Traditionally, field teams doing this kind of research use lists of known villages or neighbourhoods and choose samples from these lists. But if the maps on which these lists are based are out of date (like the existing maps of Port-au-Prince), this method can miss entire communities of people, which means results can be biased. It can also take a lot of time to complete.
Telling the people from the forests
To get around these problems, new software tools use satellite images and maps to randomise samples within an area.
The satellite imagery of Port-au-Prince is much more up-to-date, but the software tools can’t pick out residential areas.

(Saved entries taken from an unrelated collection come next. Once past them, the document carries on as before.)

lemma Cinf_on_iter_dderiv:
  fixes g :: "real \<Rightarrow> 'a::real_normed_vector"
  assumes "open S" "Cinf_on S g"
  shows "\<forall>x\<in>S. iter_dderiv g vs x = prod_list vs *\<^sub>R (vderiv ^^ length vs) g x
    \<and> (iter_dderiv g vs has_derivative
         (\<lambda>v. v *\<^sub>R (prod_list vs *\<^sub>R (vderiv ^^ Suc (length vs)) g x))) (at x)"
proof (induction vs)
  case Nil
  show ?case
  proof
    fix x assume "x \<in> S"
    then have "(g has_vector_derivative vderiv g x) (at x)"
      using Cinf_on_has_vector_derivative assms(2) by blast
    then show "iter_dderiv g [] x = prod_list [] *\<^sub>R (vderiv ^^ length []) g x \<and>
        (iter_dderiv g [] has_derivative (\<lambda>v. v *\<^sub>R prod_list [] *\<^sub>R (vderiv ^^ Suc (length [])) g x)) (at x)"
      by (simp add: has_vector_derivative_def)
  qed
next
  case (Cons w vs)
  have smooth: "Cinf_on S ((vderiv ^^ n) g)" for n
    by (induction n) (simp_all add: Cinf_on_vderiv assms(2))
  have iter: "iter_dderiv g (w # vs) y = prod_list (w # vs) *\<^sub>R (vderiv ^^ length (w # vs)) g y"
    if "y \<in> S" for y
  proof -
    have "iter_dderiv g (w # vs) y = frechet_derivative (iter_dderiv g vs) (at y) w"
      by simp
    also have "\<dots> = w *\<^sub>R (prod_list vs *\<^sub>R (vderiv ^^ Suc (length vs)) g y)"
      using Cons that frechet_derivative_at by metis
    finally show ?thesis by simp
  qed
  show ?case
  proof
    fix x assume x: "x \<in> S"
    have "((\<lambda>y. prod_list (w # vs) *\<^sub>R (vderiv ^^ length (w # vs)) g y) has_derivative
        (\<lambda>v. v *\<^sub>R (prod_list (w # vs) *\<^sub>R (vderiv ^^ Suc (length (w # vs))) g x))) (at x)"
      using Cinf_on_has_vector_derivative[OF smooth x, of "length (w # vs)"]
      unfolding has_vector_derivative_def
      by (auto intro!: derivative_eq_intros simp: algebra_simps)
    then have "(iter_dderiv g (w # vs) has_derivative
        (\<lambda>v. v *\<^sub>R (prod_list (w # vs) *\<^sub>R (vderiv ^^ Suc (length (w # vs))) g x))) (at x)"
      by (rule has_derivative_transform_within_open[OF _ assms(1) x]) (use iter in auto)
    with iter[OF x] show "iter_dderiv g (w # vs) x = prod_list (w # vs) *\<^sub>R (vderiv ^^ length (w # vs)) g x
      \<and> (iter_dderiv g (w # vs) has_derivative
          (\<lambda>v. v *\<^sub>R (prod_list (w # vs) *\<^sub>R (vderiv ^^ Suc (length (w # vs))) g x))) (at x)"
      by simp
  qed
qed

All this means that if the team had relied only on this from the outset, they could potentially find themselves in the middle of a field or forest without any people to survey!

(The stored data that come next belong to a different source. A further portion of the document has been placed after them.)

(* Fix an instance and a feasible schedule $S$ (e.g. an optimum schedule) with $|S|$ scheduled jobs. With respect to the random hierarchical decomposition (random offset $r_0$ uniform in $[0,T/q]$), the expected number of jobs of $S$ that are position-crossing is at most $\frac{1}{q}|S|=O(\varepsilon^2|S|)$.
   Context: Jobs $j$ have integer release time $r_j$, deadline $d_j$ and processing time $p_j$ in $[0,T]$. Fix $\varepsilon>0$ with $q=1/\varepsilon^2$ an integer, $k=\log_q T$ (assume $T$ is a power of $q$), and $\ell_i=T/q^{i+1}$ for $i\ge0$. Random hierarchical decomposition: pick $r_0$ uniformly at random in $[0,T/q]$; for each $0\le i\le k$, the partition $I_i$ of $[0,T]$ consists of the intervals between consecutive points of $\{0,T\}\cup(\{r_0+s\ell_i:s\in\mathbb{Z}\}\cap(0,T))$. In a schedule, a job $j$ occupies its position, the interval $[s_j,s_j+p_j]$ where $s_j$ is its start time. A scheduled job $j$ is position-crossing if $\ell_i\le p_j<\ell_{i-1}$ for some $2\le i\le k+1$ and its position intersects (in a set of positive length) more than one interval of $I_{i-2}$. *)

theory Defs
  imports "HOL-Probability.Probability"
begin

definition ell :: "nat \<Rightarrow> nat \<Rightarrow> nat \<Rightarrow> real" where
  "ell T q i = real T / real q ^ (i + 1)"

definition grid_points :: "nat \<Rightarrow> nat \<Rightarrow> real \<Rightarrow> nat \<Rightarrow> real set" where
  "grid_points T q r0 i =
     {0, real T} \<union> ({x. \<exists>s::int. x = r0 + of_int s * ell T q i} \<inter> {0<..<real T})"

definition partition_level :: "nat \<Rightarrow> nat \<Rightarrow> real \<Rightarrow> nat \<Rightarrow> real set set" where
  "partition_level T q r0 i =
     {{a..b} | a b. a \<in> grid_points T q r0 i \<and> b \<in> grid_points T q r0 i \<and> a < b \<and>
                    (\<forall>x\<in>grid_points T q r0 i. \<not> (a < x \<and> x < b))}"

definition position :: "('j \<Rightarrow> real) \<Rightarrow> ('j \<Rightarrow> int) \<Rightarrow> 'j \<Rightarrow> real set" where
  "position s p j = {s j .. s j + of_int (p j)}"

definition position_crossing ::
  "nat \<Rightarrow> nat \<Rightarrow> nat \<Rightarrow> real \<Rightarrow> ('j \<Rightarrow> real) \<Rightarrow> ('j \<Rightarrow> int) \<Rightarrow> 'j \<Rightarrow> bool" where
  "position_crossing T q k r0 s p j \<longleftrightarrow>
     (\<exists>i. 2 \<le> i \<and> i \<le> k + 1 \<and> ell T q i \<le> of_int (p j) \<and> of_int (p j) < ell T q (i - 1) \<and>
        (\<exists>A\<in>partition_level T q r0 (i - 2). \<exists>B\<in>partition_level T q r0 (i - 2). A \<noteq> B \<and>
            measure lborel (position s p j \<inter> A) > 0 \<and> measure lborel (position s p j \<inter> B) > 0))"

Painting between the lines
To improve this process, we thought MapSwipe could help to create a more complete picture. Satellite imagery of Port-au-Prince would give the survey team the big picture; MapSwipe users could help them tell the houses from the trees.
On 12 April 2018 we launched the mission to MapSwipe users: build a clearer picture of the city of Port-au-Prince. Our committed users got swiping – and quickly! In five days 186 of our dedicated swipers had mapped around 1000 km2. Even the Doctors Without Borders Haiti team got involved!
Outcome
Once we had the information from Mapswipers, we created a randomised sample from populated areas.
We inputted the MapSwipe data into a software called QGIS to create a series of points within the communes. QGIS is an open-source desktop geographical information software that can create, edit, visualise, analyse and publish geospatial information. We sent this sample over to the team in Haiti who checked the points we had generated against Google Earth. The survey team discounted points in areas that they knew were inaccessible. To make sure the sample size was scientific and significant, we generated new points to replace them.
Gisele (name changed) was raped by a friend of her parents. The same man had also assaulted two girls in her neighbourhood. © Benedicte Kurzen/Noor
From June until August 2018, the research team went door-to-door, surveying people to try to understand what they thought about sexual and gender-based violence and the services available to survivors. As a result of our Swipers' work, the sample of people who took part in the research was representative of the populations in the Haitian communes as a whole. The data collected was more scientifically and statistically significant than it would have been without MapSwipe.
The survey team did encounter some non-residential or abandoned buildings (something we definitely need to improve), but there were fewer than expected. These varied from industrial buildings to chicken houses!
A quick win for humanitarian aid
The sexual and gender-based violence research will inform the design of Doctors Without Borders services and health promotion strategy in Haiti. Using the reported data, we hope to provide survivors of sexual abuse with access to the support and care they need. Doctors Without Borders will work with the Haitian Ministry of Health and other relevant groups across the country to remove barriers to care for those who need it most.
By improving a small part in this process, MapSwipe was an asset to the research. The app and our dedicated users improved the efficiency and quality of the KAP survey, meaning the data collected was more representative than it would have been without their efforts.
MapSwipe is nothing without its users. By downloading the app and getting involved, they make a real difference to Doctors Without Borders' work. Since 2016, they have mapped over 130 areas across the globe to support Doctors Without Borders field staff in gathering data and delivering humanitarian aid.